Tweeting the news for CBS 6

Reporter and anchor Lorenzo Hall (@LorenzoHall) of WTVR CBS 6 (@CBS6) spoke to our social media journalism class on Tuesday about ways to utilize Twitter. Hall said that initially Twitter was just an experiment for most journalists. At first the microblogging network didn’t generate much traffic, because journalists weren’t tweeting to large audiences. But by now it has become an essential tool for most journalists. Hall has more than 1,400 followers on Twitter and thinks that it is important to keep these followers up-to-date on the latest breaking news.

By Alix Hines (@AlixHines)

CBS 6 reporter Lorenzo Hall talked to the iPadJournos at VCU.

Hall said that Twitter was initially a useful tool for him when he was working on the morning show at CBS 6. He explained that people going about their morning routines sometimes missed the information in the broadcast, and he was able to live tweet the news the audience may have missed. While TV is still the main objective of his work, he regularly uses Twitter as a teaser for what is coming up on the news.  Hall used to tease his upcoming newscast, and his routine phrase at the end of the tweet would say “Stop by and see us!” This was when he learned that people were paying very close attention to his tweets. One of his followers took the phrase literally and showed up at the station.

Hall admitted that it took him a while to get acquainted with Twitter. In the beginning, when Twitter was a fairly new tool for journalists, he did a live segment in which he created an account. Unfortunately, Hall said laughing, that was the only day he used the account in a while. But things have changed. Now, Twitter is one of the first things he checks when he wakes up in the morning. Hall said he has his phone with him throughout the day to check Twitter updates from other news organizations. He pointed out that checking Twitter can help him ensure that he does not miss stories that the other local stations are covering. And he uses Twitter to break the news long before the evening newscast. Hall shoots photos and videos with his cell phone on the story he is covering for TV and posts them on Twitter. Hall of course also has a Facebook presence, but said that he uses Twitter and Facebook differently. Facebook allows him to interact with viewers more, while Twitter is more of a one-way communication tool.

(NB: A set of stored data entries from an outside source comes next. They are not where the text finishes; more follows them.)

lemma realizable_bend:
  assumes "realizable 0 (m + n) S"
  shows "realizable n m (\<lambda>y x. S (y @ rev x) [])"
proof -
  have state: "realizable n (m + n + n) (\<lambda>c x. S (take (m + n) c) [] * (if drop (m + n) c = x then 1 else 0))"
    by (rule realizable_cong[OF realizable_par[OF assms realizable_id[of n]]]) auto
  have caps: "realizable_sparse (m + n + n) m
      (\<lambda>c. [(take m c, if take n (drop m c) = rev (drop (m + n) c) then 1 else 0)])"
    by (rule realizable_sparse_cong[OF realizable_sparse_par[OF realizable_sparse_id[of m] realizable_caps[of n]]])
      (auto simp: add.commute)
  have "realizable n m (\<lambda>y x. \<Sum>c\<in>bitstrings (m + n + n).
      sparse_lmap (\<lambda>c. [(take m c, if take n (drop m c) = rev (drop (m + n) c) then 1 else 0)]) y c *
      (S (take (m + n) c) [] * (if drop (m + n) c = x then 1 else 0)))"
    using realizable_seq[OF state caps[unfolded realizable_sparse_def, THEN conjunct1]] .
  then show ?thesis
  proof (rule realizable_cong)
    fix y x :: "bool list" assume lengths: "length y = m" "length x = n"
    show "S (y @ rev x) [] = (\<Sum>c\<in>bitstrings (m + n + n).
      sparse_lmap (\<lambda>c. [(take m c, if take n (drop m c) = rev (drop (m + n) c) then 1 else 0)]) y c *
      (S (take (m + n) c) [] * (if drop (m + n) c = x then 1 else 0)))"
    proof (subst sum_eq_single_nonzero[where v = "y @ rev x @ x"])
      fix c assume "c \<noteq> y @ rev x @ x"
      moreover have "c = take m c @ take n (drop m c) @ drop (m + n) c"
        by (metis append_take_drop_id drop_drop add.commute)
      ultimately show "sparse_lmap (\<lambda>c. [(take m c, if take n (drop m c) = rev (drop (m + n) c) then 1 else 0)]) y c *
          (S (take (m + n) c) [] * (if drop (m + n) c = x then 1 else 0)) = 0"
        by auto
    qed (use lengths in auto)
  qed auto
qed

lemma realizable_not: "realizable_sparse 1 1 (\<lambda>x. [([\<not> hd x], 1)])"
proof -
  have "realizable 0 (1 + 1) (sparse_lmap (\<lambda>_. [([True, False], 1), ([False, True], 1)]))"
    by (rule realizable_cong[OF realizable_black2[unfolded realizable_sparse_def, THEN conjunct1]]) auto
  from realizable_bend[OF this] show ?thesis
    by (rule realizable_sparseI) (auto simp: sparse_lmap_def length_Suc_conv)
qed

lemma realizable_ket0: "realizable_sparse 0 1 (\<lambda>_. [([False], 1)])"
  by (rule realizable_sparse_cong[OF realizable_sparse_seq[OF realizable_ket1 realizable_not]]) auto

lemma realizable_bra1: "realizable_sparse 1 0 (\<lambda>x. [([], if hd x then 1 else 0)])"
proof -
  have "realizable 0 (0 + 1) (sparse_lmap (\<lambda>_. [([True], 1)]))"
    using realizable_ket1 unfolding realizable_sparse_def by simp
  from realizable_bend[OF this] show ?thesis
    by (rule realizable_sparseI) (auto simp: length_Suc_conv)
qed

lemma realizable_zeros: "realizable_sparse 0 k (\<lambda>_. [(replicate k False, 1)])"
proof (induction k)
  case 0
  show ?case
    by (rule realizable_sparse_cong[OF realizable_sparse_id[of 0]]) auto
next
  case (Suc k)
  show ?case
    by (rule realizable_sparse_cong[OF realizable_sparse_par[OF realizable_ket0 Suc.IH]]) auto
qed

lemma realizable_or: "realizable_sparse 2 1 (\<lambda>x. [([x ! 0 \<or> x ! 1], if x ! 0 \<and> x ! 1 then 0 else 1)])"
proof -
  have "realizable 0 (1 + 2) (sparse_lmap
      (\<lambda>_. [([True, False, False], 1), ([False, True, False], 1), ([False, False, True], 1)]))"
    by (rule realizable_cong[OF realizable_black3[unfolded realizable_sparse_def, THEN conjunct1]]) auto
  from realizable_bend[OF this]
  have "realizable_sparse 2 1 (\<lambda>x. [([\<not> (x ! 0 \<or> x ! 1)], if x ! 0 \<and> x ! 1 then 0 else 1)])"
    by (rule realizable_sparseI) (auto simp: sparse_lmap_def numeral_eq_Suc length_Suc_conv)
  from realizable_sparse_seq[OF this realizable_not] show ?thesis
    by (rule realizable_sparse_cong) auto
qed

lemma realizable_cz: "realizable_sparse 2 2 (\<lambda>x. [(x, if x ! 0 \<and> x ! 1 then -1 else 1)])"
  by (rule realizable_sparse_cong[OF realizable_sparse_seq[OF realizable_fswap realizable_swap]]) auto

lemma realizable_eq_projector: "realizable_sparse 2 2 (\<lambda>x. [(x, if x ! 0 = x ! 1 then 1 else 0)])"
proof -
  have cup: "realizable_sparse 2 4 (\<lambda>x. [([x ! 0, False, False, x ! 1], 1), ([x ! 0, True, True, x ! 1], 1)])"
    by (rule realizable_sparse_cong[OF realizable_sparse_par[OF realizable_sparse_id[of 1]
          realizable_sparse_par[OF realizable_white[of 1] realizable_sparse_id[of 1]]]])
      (auto simp: numeral_eq_Suc length_Suc_conv)
  have signs: "realizable_sparse 4 4
      (\<lambda>x. [(x, (if x ! 0 \<and> x ! 1 then -1 else 1) * (if x ! 2 \<and> x ! 3 then -1 else 1))])"
    by (rule realizable_sparse_cong[OF realizable_sparse_par[OF realizable_cz realizable_cz]])
      (auto simp: numeral_eq_Suc length_Suc_conv)
  have cap: "realizable_sparse 4 2 (\<lambda>x. [([x ! 0, x ! 3], if x ! 1 = x ! 2 then 1 else 0)])"
    by (rule realizable_sparse_cong[OF realizable_sparse_par[OF realizable_sparse_id[of 1]
          realizable_sparse_par[OF realizable_cap realizable_sparse_id[of 1]]]])
      (auto simp: numeral_eq_Suc length_Suc_conv)
  \<comment> \<open>Summing the sign (-1)^((a + b) c) over the middle bit c gives 2 if a = b and 0 otherwise.\<close>
  from realizable_sparse_par[OF realizable_scalar[of "1 / 2"]
      realizable_sparse_seq[OF realizable_sparse_seq[OF cup signs] cap]]
  show ?thesis
    by (rule realizable_sparse_lmap_cong) (auto simp: sparse_lmap_def numeral_eq_Suc length_Suc_conv)
qed

lemma realizable_copy3: "realizable_sparse 1 3 (\<lambda>x. [([hd x, hd x, hd x], 1)])"
proof -
  have cup: "realizable_sparse 1 3 (\<lambda>x. [(x @ [False, False], 1), (x @ [True, True], 1)])"
    by (rule realizable_sparse_cong[OF realizable_sparse_par[OF realizable_sparse_id[of 1] realizable_white[of 1]]])
      auto
  have "realizable_sparse 3 3 (\<lambda>x. [(x, if x ! 0 = x ! 1 then 1 else 0)])"
    by (rule realizable_sparse_cong[OF realizable_sparse_par[OF realizable_eq_projector realizable_sparse_id[of 1]]])
      (auto simp: numeral_eq_Suc length_Suc_conv)
  from realizable_sparse_seq[OF cup this] show ?thesis
    by (rule realizable_sparse_lmap_cong) (auto simp: sparse_lmap_def length_Suc_conv)
qed

lemma realizable_rotate: "realizable_sparse (Suc k) (Suc k) (\<lambda>x. [(last x # butlast x, 1)])"
proof (induction k)
  case 0
  show ?case
    by (rule realizable_sparse_cong[OF realizable_sparse_id]) (auto simp: length_Suc_conv)
next
  case (Suc k)
  have "realizable_sparse (Suc (Suc k)) (Suc (Suc k)) (\<lambda>x. [(hd x # last x # butlast (tl x), 1)])"
    by (rule realizable_sparse_cong[OF realizable_sparse_par[OF realizable_sparse_id[of 1] Suc.IH]])
      (auto simp: length_Suc_Suc_conv)
  moreover have "realizable_sparse (Suc (Suc k)) (Suc (Suc k)) (\<lambda>x. [(x ! 1 # x ! 0 # drop 2 x, 1)])"
    by (rule realizable_sparse_cong[OF realizable_sparse_par[OF realizable_swap realizable_sparse_id[of k]]])
      (auto simp: length_Suc_conv)
  ultimately show ?case
    by (rule realizable_sparse_cong[OF realizable_sparse_seq]) (auto simp: length_Suc_Suc_conv)
qed

lemma realizable_merge:
  "realizable_sparse (k + k) k (\<lambda>x. [(map2 (\<or>) (take k x) (drop k x),
      if list_all2 (\<lambda>a b. \<not> (a \<and> b)) (take k x) (drop k x) then 1 else 0)])"
proof (induction k)
  case 0
  show ?case
    by (rule realizable_sparse_cong[OF realizable_sparse_id[of 0]]) auto
next
  case (Suc k)
  have "realizable_sparse (Suc k + Suc k) (Suc k + Suc k)
      (\<lambda>x. [(hd x # x ! Suc k # take k (tl x) @ drop (Suc (Suc k)) x, 1)])"
    by (rule realizable_sparse_cong[OF realizable_sparse_par[OF realizable_sparse_id[of 1]
          realizable_sparse_par[OF realizable_rotate[of k] realizable_sparse_id[of k]]]])
      (auto simp: length_Suc_Suc_add_conv nth_append)
  moreover have "realizable_sparse (Suc k + Suc k) (Suc k)
      (\<lambda>x. [((x ! 0 \<or> x ! 1) # map2 (\<or>) (take k (drop 2 x)) (drop (Suc (Suc k)) x),
        if \<not> (x ! 0 \<and> x ! 1) \<and> list_all2 (\<lambda>a b. \<not> (a \<and> b)) (take k (drop 2 x)) (drop (Suc (Suc k)) x)
        then 1 else 0)])"
    by (rule realizable_sparse_cong[OF realizable_sparse_par[OF realizable_or Suc.IH]])
      (auto simp: length_Suc_Suc_add_conv)
  ultimately show ?case
    by (rule realizable_sparse_cong[OF realizable_sparse_seq]) (auto simp: length_Suc_Suc_add_conv nth_append)
qed

lemma realizable_plug_first:
  assumes "realizable 0 (Suc k) S"
  shows "realizable 0 k (\<lambda>y x. S (True # y) [])"
proof -
  have "realizable_sparse (Suc k) k (\<lambda>x. [(tl x, if hd x then 1 else 0)])"
    by (rule realizable_sparse_cong[OF realizable_sparse_par[OF realizable_bra1 realizable_sparse_id[of k]]])
      (auto simp: length_Suc_conv)
  from realizable_seq[OF assms this[unfolded realizable_sparse_def, THEN conjunct1]] show ?thesis
  proof (rule realizable_cong)
    fix y x :: "bool list" assume "length y = k" "length x = 0"
    show "S (True # y) [] = (\<Sum>c\<in>bitstrings (Suc k).
        sparse_lmap (\<lambda>x. [(tl x, if hd x then 1 else 0)]) y c * S c x)"
    proof (subst sum_eq_single_nonzero[where v = "True # y"])
      fix c assume "c \<in> bitstrings (Suc k)" "c \<noteq> True # y"
      then show "sparse_lmap (\<lambda>x. [(tl x, if hd x then 1 else 0)]) y c * S c x = 0"
        by (cases c) auto
    qed (use \<open>length y = k\<close> \<open>length x = 0\<close> in auto)
  qed auto
qed

lemma realizable_insert_zero:
  "realizable_sparse (j + k) (j + 1 + k) (\<lambda>y. [(take j y @ False # drop j y, 1)])"
  by (rule realizable_sparse_cong[OF realizable_sparse_par[OF realizable_sparse_id[of j]
        realizable_sparse_par[OF realizable_ket0 realizable_sparse_id[of k]]]]) auto

text \<open>All gadgets used here are even, so a string can only be paired with the zero string if
  its weight is even: one or two leading ones serve both as marker and as parity padding.\<close>

lemma realizable_anchored_pair:
  "(even (weight x) \<longrightarrow> realizable_sparse 0 (length x + 2)
       (\<lambda>_. [(replicate (length x + 2) False, 1), (True # True # x, a)])) \<and>
   (odd (weight x) \<longrightarrow> realizable_sparse 0 (length x + 1)
       (\<lambda>_. [(replicate (length x + 1) False, 1), (True # x, a)]))"
proof (induction x)
  case Nil
  show ?case
    by (simp add: realizable_sparse_cong[OF realizable_white[of a]])
next
  case (Cons b x)
  let ?k = "length x"
  show ?case
  proof (cases b)
    case False
    have "realizable_sparse 0 (length (b # x) + j) (\<lambda>_. [(replicate (length (b # x) + j) False, 1), (t @ b # x, a)])"
      if "realizable_sparse 0 (length x + j) (\<lambda>_. [(replicate (length x + j) False, 1), (t @ x, a)])"
        and "length t = j" for j t
      by (rule realizable_sparse_cong[OF realizable_sparse_seq[OF that(1)
            realizable_sparse_cong[OF realizable_insert_zero[of j ?k]]]])
        (auto simp: False that(2) add.commute replicate_add replicate_app_Cons_same)
    from this[of 2 "[True, True]"] this[of 1 "[True]"] show ?thesis
      using Cons.IH False by simp
  next
    case True
    have "realizable_sparse 0 (?k + 1 + 2) (\<lambda>_. [(replicate (?k + 1 + 2) False, 1), (True # True # True # x, a)])"
      if "odd (weight x)"
    proof -
      have "realizable_sparse (?k + 1) (?k + 3) (\<lambda>y. [(hd y # hd y # y, 1)])"
        by (rule realizable_sparse_cong[OF realizable_sparse_par[OF realizable_copy3 realizable_sparse_id[of ?k]]])
          (auto simp: length_Suc_conv)
      moreover have "realizable_sparse 0 (?k + 1) (\<lambda>_. [(replicate (?k + 1) False, 1), (True # x, a)])"
        using Cons.IH that by simp
      ultimately show ?thesis
        by (rule realizable_sparse_cong[OF realizable_sparse_seq[rotated]]) auto
    qed
    then show ?thesis
      using Cons.IH True by (auto simp: add.commute)
  qed
qed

Lorenzo Hall and VCU journalism students.

When it comes to breaking news, Twitter can be a very useful tool, said Hall. Viewers will see parts of the story first on Twitter and will then tune in for the newscast to hear how the full story developed. Last October, CBS 6 and its competitors covered the story of Robert Wood Jr., an 8-year-old boy with autism who went missing in Hanover County for several days. Hall said that Twitter helped CBS 6 to communicate with people who were searching for the boy and thereby was able to provide quick updates on the search efforts. But the story also put journalistic ethics to the test for the station. When information started spreading that Robert was finally found, CBS 6 did not tweet that information until reporters were able to verify the facts with credible sources. Hall said that waiting to tweet that the boy was safe was a conscious decision made by his station. In the end, reporting the news correctly still goes over tweeting it quickly for Hall and the news team at CBS 6.